One end of the container was opened while the mixture was maintained at a temperature of 0 to 50 m/day), and the mixture was discharged into the atmosphere to cause foaming, thereby obtaining various pre-expanded particles shown in Table 1.

In addition, as comparative examples, low density polyethylene (hereinafter referred to as LDPE), crosslinked LDPE, and non-crosslinked HDPE outside the scope of the present invention
Pre-expanded particles shown in Table 1 were obtained in the same manner as in the examples. The obtained pre-expanded particles were left at room temperature and pressure for 4 hours, then filled into a sealed container and heated for 2.5 ta'.
), and was pressure-ripened in air at 35°C for 4 hours.

Next, the pre-expanded particles were filled into a mold and heated and molded with steam at a flow rate of 1.2 to 3.5 ta' at a temperature higher than the Vicat softening point of each resin to obtain a foamed molded product. Various physical property tests were conducted on the pre-expanded particles and the obtained foamed molded product. The results are shown in Table 2. Note that the average bubble diameter was measured by observing the cut surface with an electron microscope. Table 1 Table 2 *1...The particles were treated with a weatherometer for 200 hours, and the particles were eroded due to changes in coloring, deformation, and elasticity.

◎...Almost no coloring and deformation, but elasticity ○...Slight discoloration and deformation, but elasticity △...
...Discoloration and deformation are observed, and the elasticity is decreased.
... Judgment was made based on changes in coloration, deformation, and elasticity after 1000 hours at 100°C in a jar oven.

◎”…There is almost no change in coloring, deformation, or elasticity ○…Some coloring or deformation is observed, but the elasticity is △…
Discoloration and deformation are observed, and the elasticity is decreased.
The loss remained constant according to the above.

◎……Do not break more than 500 times○・・・300~
Broken after less than 500 cycles △... Broken after 100 to less than 300 cycles ×... 1... Broken after less than 100 cycles *4... Measured according to JIS K6767K.

◎”…729/10 More than skin width○…329/1
729/10 skin width exceeding 0 skin width △・・・19
/10 rib width exceeds 329/10 rib width×,. ．． ．．・．． 1
Less than 9/10 rib width *5...Using Bunshiron, it was compressed to a maximum stress of 4K at a rate of 10 skins/skin, and the elastic recovery rate of the residual strain was measured after the stress was removed.

◎“Recovery of 95% or more ○…Recovery of less than 85-95* △……Recovered less than 75-85 shots ×・・・Less than 75 shots *6... Judgment was made using the following criteria.

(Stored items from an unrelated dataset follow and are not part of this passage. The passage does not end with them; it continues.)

lemma pmf_mix_UO_UO:
  assumes n1: "1 \<le> n" and x: "real n < x" "x < real n + 1"
  shows "pmf (mix ((real n + 1) * (x - real n) / x) (UO (n+1)) (UO n)) k = vertex n x h (n+1) k / x"
proof -
  define l where "l = (real n + 1) * (x - real n) / x"
  have x0: "0 < x" using x n1 by linarith
  have l0: "0 \<le> l" unfolding l_def using x x0 by simp
  have l1: "l \<le> 1"
  proof -
    have "(real n + 1) * (x - real n) \<le> x"
    proof -
      have "real n * x \<le> real n * (real n + 1)" using x by (simp add: mult_left_mono)
      thus ?thesis by (simp add: algebra_simps)
    qed
    thus ?thesis unfolding l_def using x0 by simp
  qed
  have np: "real n + 1 \<noteq> 0" by linarith
  have k1: "l * (1 / (real n + 1)) = (x - real n) / x" unfolding l_def using x0 np by simp
  have om: "1 - l = real n * (real n + 1 - x) / x" unfolding l_def using x0 by (simp add: field_simps)
  have k2: "(1 - l) * (1 / real n) = (real n + 1 - x) / x" unfolding om using n1 by simp
  have u1: "pmf (UO (n+1)) k = (if odd k \<and> k < 2*(n+1) then 1 / real (n+1) else 0)"
    using pmf_UO[of "n+1" k] by simp
  have u2: "pmf (UO n) k = (if odd k \<and> k < 2*n then 1 / real n else 0)" using pmf_UO[OF n1] .
  have pm: "pmf (mix l (UO (n+1)) (UO n)) k = l * (if odd k \<and> k < 2*(n+1) then 1 / real (n+1) else 0)
      + (1 - l) * (if odd k \<and> k < 2*n then 1 / real n else 0)"
    using pmf_mix[OF l0 l1, of "UO (n+1)" "UO n" k] unfolding u1 u2 .
  have "l * (if odd k \<and> k < 2*(n+1) then 1 / real (n+1) else 0)
      + (1 - l) * (if odd k \<and> k < 2*n then 1 / real n else 0) = vertex n x h (n+1) k / x"
  proof (cases rule: bid_cases[where k=k and n=n])
    case 1 thus ?thesis by (simp add: vertex_def)
  next
    case 2 thus ?thesis using vertex_big[OF 2] by auto
  next
    case 3
    have "vertex n x h (n+1) k = x - real n" using vertex_top[of n x h "n+1"] 3 by (simp add: of_bool_def)
    thus ?thesis using 3 k1 by (simp add: ac_simps)
  next
    case (4 i)
    thus ?thesis using vertex_even[of i n x h "n+1"] by (simp add: of_bool_def)
  next
    case (5 i)
    have "vertex n x h (n+1) k = 1" using vertex_odd[of i n x h "n+1"] 5 by (simp add: of_bool_def)
    moreover have "l * (1 / (real n + 1)) + (1 - l) * (1 / real n) = 1 / x"
      using k1 k2 by (simp add: add_divide_distrib[symmetric])
    ultimately show ?thesis using 5 by (simp add: ac_simps)
  qed
  thus ?thesis using pm unfolding l_def by simp
qed

lemma conv_pmfI:
  fixes G :: "nat \<Rightarrow> 'a pmf" and w :: "nat \<Rightarrow> real"
  assumes J: "finite J" and w0: "\<And>j. j \<in> J \<Longrightarrow> 0 \<le> w j" and w1: "(\<Sum>j\<in>J. w j) = 1"
    and GS: "\<And>j. j \<in> J \<Longrightarrow> G j \<in> S"
    and X: "\<And>k. pmf X k = (\<Sum>j\<in>J. w j * pmf (G j) k)"
  shows "X \<in> conv_pmf S"
proof -
  define f where "f j = (if j \<in> J then w j else 0)" for j
  have fnn: "0 \<le> f j" for j unfolding f_def using w0 by auto
  have int: "(\<integral>\<^sup>+ j. ennreal (f j) \<partial>count_space UNIV) = 1"
    using nn_integral_eq_1_finite_support[OF J] fnn w1 unfolding f_def by simp
  define W where "W = embed_pmf f"
  have pW: "pmf W j = f j" for j unfolding W_def using pmf_embed_pmf[OF fnn int] by simp
  have sW: "set_pmf W \<subseteq> J" unfolding W_def set_embed_pmf[OF fnn int] f_def by auto
  define Q where "Q = map_pmf G W"
  have finQ: "finite (set_pmf Q)" unfolding Q_def using finite_subset[OF sW J] by simp
  have sQ: "set_pmf Q \<subseteq> S" unfolding Q_def using sW GS by auto
  have "X = join_pmf Q"
  proof (rule pmf_eqI)
    fix k
    have "pmf (join_pmf Q) k = measure_pmf.expectation W (\<lambda>j. pmf (G j) k)"
      unfolding pmf_join Q_def integral_map_pmf ..
    also have "\<dots> = (\<Sum>j\<in>J. pmf (G j) k * pmf W j)"
      by (rule integral_measure_pmf_real) (use J sW in auto)
    also have "\<dots> = (\<Sum>j\<in>J. w j * pmf (G j) k)" by (intro sum.cong refl) (simp add: pW f_def)
    finally show "pmf X k = pmf (join_pmf Q) k" using X by simp
  qed
  thus ?thesis unfolding conv_pmf_def using finQ sQ by blast
qed

section \<open>Shape of the equilibria\<close>

lemma gain_join_pmf:
  assumes fin: "finite (set_pmf Q)"
  shows "gain v (join_pmf Q) k = measure_pmf.expectation Q (\<lambda>G. gain v G k)"
proof -
  let ?A = "set_pmf Q"
  have E: "measure_pmf.expectation Q f = (\<Sum>G\<in>?A. f G * pmf Q G)" for f :: "nat pmf \<Rightarrow> real"
    by (rule integral_measure_pmf_real[OF fin]) auto
  have one: "(\<Sum>G\<in>?A. pmf Q G) = 1" by (rule sum_pmf_eq_1[OF fin]) simp
  have pj: "pmf (join_pmf Q) i = (\<Sum>G\<in>?A. pmf G i * pmf Q G)" for i unfolding pmf_join E ..
  have "gain v (join_pmf Q) k = v * (\<Sum>i<k. \<Sum>G\<in>?A. pmf G i * pmf Q G)
      + v / 2 * (\<Sum>G\<in>?A. pmf G k * pmf Q G) - real k * (\<Sum>G\<in>?A. pmf Q G)"
    unfolding gain_def pj one by simp
  also have "\<dots> = (\<Sum>G\<in>?A. gain v G k * pmf Q G)"
    unfolding gain_def
    by (simp add: sum.swap[of _ "{..<k}"] sum_distrib_left sum_distrib_right sum_subtractf sum.distrib algebra_simps)
  finally show ?thesis unfolding E .
qed

lemma gain_conv_pmf_le:
  assumes "X \<in> conv_pmf S" and "\<And>G. G \<in> S \<Longrightarrow> gain v G k \<le> c"
  shows "gain v X k \<le> c"
proof -
  obtain Q where Q: "X = join_pmf Q" "finite (set_pmf Q)" "set_pmf Q \<subseteq> S"
    using assms(1) unfolding conv_pmf_def by blast
  have "measure_pmf.expectation Q (\<lambda>G. gain v G k) \<le> c"
    using Q assms(2)
    by (intro measure_pmf.integral_le_const) (auto simp: AE_measure_pmf_iff intro: integrable_measure_pmf_finite)
  thus ?thesis using gain_join_pmf[OF Q(2)] Q(1) by simp
qed

lemma gain_conv_pmf_eq:
  assumes "X \<in> conv_pmf S" and "\<And>G. G \<in> S \<Longrightarrow> gain v G k = c"
  shows "gain v X k = c"
proof -
  obtain Q where Q: "X = join_pmf Q" "finite (set_pmf Q)" "set_pmf Q \<subseteq> S"
    using assms(1) unfolding conv_pmf_def by blast
  have "measure_pmf.expectation Q (\<lambda>G. gain v G k) = measure_pmf.expectation Q (\<lambda>G. c)"
    using Q assms(2) by (intro integral_cong_AE) (auto simp: AE_measure_pmf_iff)
  thus ?thesis using gain_join_pmf[OF Q(2)] Q(1) by simp
qed

lemma set_pmf_conv_pmf: "X \<in> conv_pmf S \<Longrightarrow> set_pmf X \<subseteq> \<Union> (set_pmf ` S)"
  unfolding conv_pmf_def by (auto simp: set_pmf_join_pmf; blast)

lemma pmf_equilibrium_Y:
  fixes y :: real and m :: nat
  assumes ym: "real m + 1 < y"
  shows "y * pmf (mix ((real m + 1) / y) (UE m) (return_pmf 0)) k
       = (if k = 0 then y - real m else if even k \<and> k \<le> 2*m then 1 else 0)"
proof -
  have y0: "0 < y" using ym by linarith
  have "0 \<le> (real m + 1) / y" "(real m + 1) / y \<le> 1" using ym y0 by simp_all
  hence "pmf (mix ((real m + 1) / y) (UE m) (return_pmf 0)) k
      = (real m + 1) / y * pmf (UE m) k + (1 - (real m + 1) / y) * pmf (return_pmf 0) k"
    by (rule pmf_mix)
  thus ?thesis using y0 by (cases "k = 0") (auto simp: pmf_UE field_simps)
qed

lemma score_equilibrium_Y:
  fixes s :: "nat \<Rightarrow> real" and y :: real and m :: nat
  assumes s: "\<And>k. s k = (if k = 0 then y - real m else if even k \<and> k \<le> 2*m then 1 else 0)"
    and ym: "real m + 1 < y"
  shows "score s k \<le> 2*y - 2*real m - 1"
    and "1 \<le> k \<Longrightarrow> k \<le> 2*m+1 \<Longrightarrow> score s k = 2*y - 2*real m - 1"
proof -
  have pre: "i \<le> m \<Longrightarrow> (\<Sum>k<2*i+1. s k) = y - real m + real i" for i
  proof (induction i)
    case (Suc i)
    have e: "2 * Suc i + 1 = Suc (Suc (2*i+1))" by simp
    have "s (2*i+1) = 0" "s (Suc (2*i+1)) = 1" using s Suc.prems by auto
    thus ?case using Suc unfolding e by simp
  qed (simp add: s)
  have val: "score s k = 2*y - 2*real m - 1" if k: "1 \<le> k" "k \<le> 2*m+1" for k
  proof (cases "even k")
    case True
    then obtain j where "k = 2*j" by (auto elim: evenE)
    with k obtain i where i: "k = Suc (2*i+1)" by (cases j) auto
    have "k \<le> 2*m" using k True by presburger
    hence "i \<le> m" "s k = 1" using i s[of k] True by simp_all
    thus ?thesis using pre[of i] s[of "2*i+1"] i unfolding score_def by simp
  next
    case False
    then obtain i where i: "k = 2*i+1" by (auto elim: oddE)
    thus ?thesis using pre[of i] s[of k] k unfolding score_def by simp
  qed
  thus "1 \<le> k \<Longrightarrow> k \<le> 2*m+1 \<Longrightarrow> score s k = 2*y - 2*real m - 1" by blast
  show "score s k \<le> 2*y - 2*real m - 1"
  proof -
    consider "k = 0" | "1 \<le> k" "k \<le> 2*m+1" | "2*m+1 < k" by linarith
    thus ?thesis
    proof cases
      case 3
      have "(\<Sum>i<k. s i) = (\<Sum>i<2*m+1. s i)"
        using 3 s by (intro sum_lessThan_eq_zero_tail) auto
      thus ?thesis using pre[of m] s[of k] 3 unfolding score_def by simp
    qed (use s ym val in \<open>auto simp: score_def\<close>)
  qed
qed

◎……Good molding ○……Molding normal △・・・・Some molding defects occur ×・・・・・・Poor molding

Claims (1)

[Claims] 1. Vikatsu softening point: 115°C or higher, 0.950g/cm
Made of non-crosslinked high-density polyethylene with a density exceeding ^3, bulk density 0.01 to 0.3 g/cm^3, average cell diameter 2
Non-crosslinked high-density polyethylene pre-expanded particles characterized by having a particle size of 0μ to 500μ and a closed cell ratio of 65% or more. 2 Vikatsuto softening point 115℃ or higher, 0.950g/cm
A step of incorporating a volatile blowing agent into non-crosslinked high-density polyethylene particles having a density exceeding ^3, a step of dispersing the particles in a dispersion medium in a closed container, and a step of controlling the temperature in the closed container to 10° below the Vikato softening point of the particles. It is characterized by a step of opening one end of the container while maintaining the temperature within a range of 10°C higher than the Vikatto softening point from a temperature lower than 10°C, and simultaneously releasing the particles and the dispersion medium into an atmosphere at a lower pressure from inside the container. A method for producing pre-expanded non-crosslinked high-density polyethylene particles.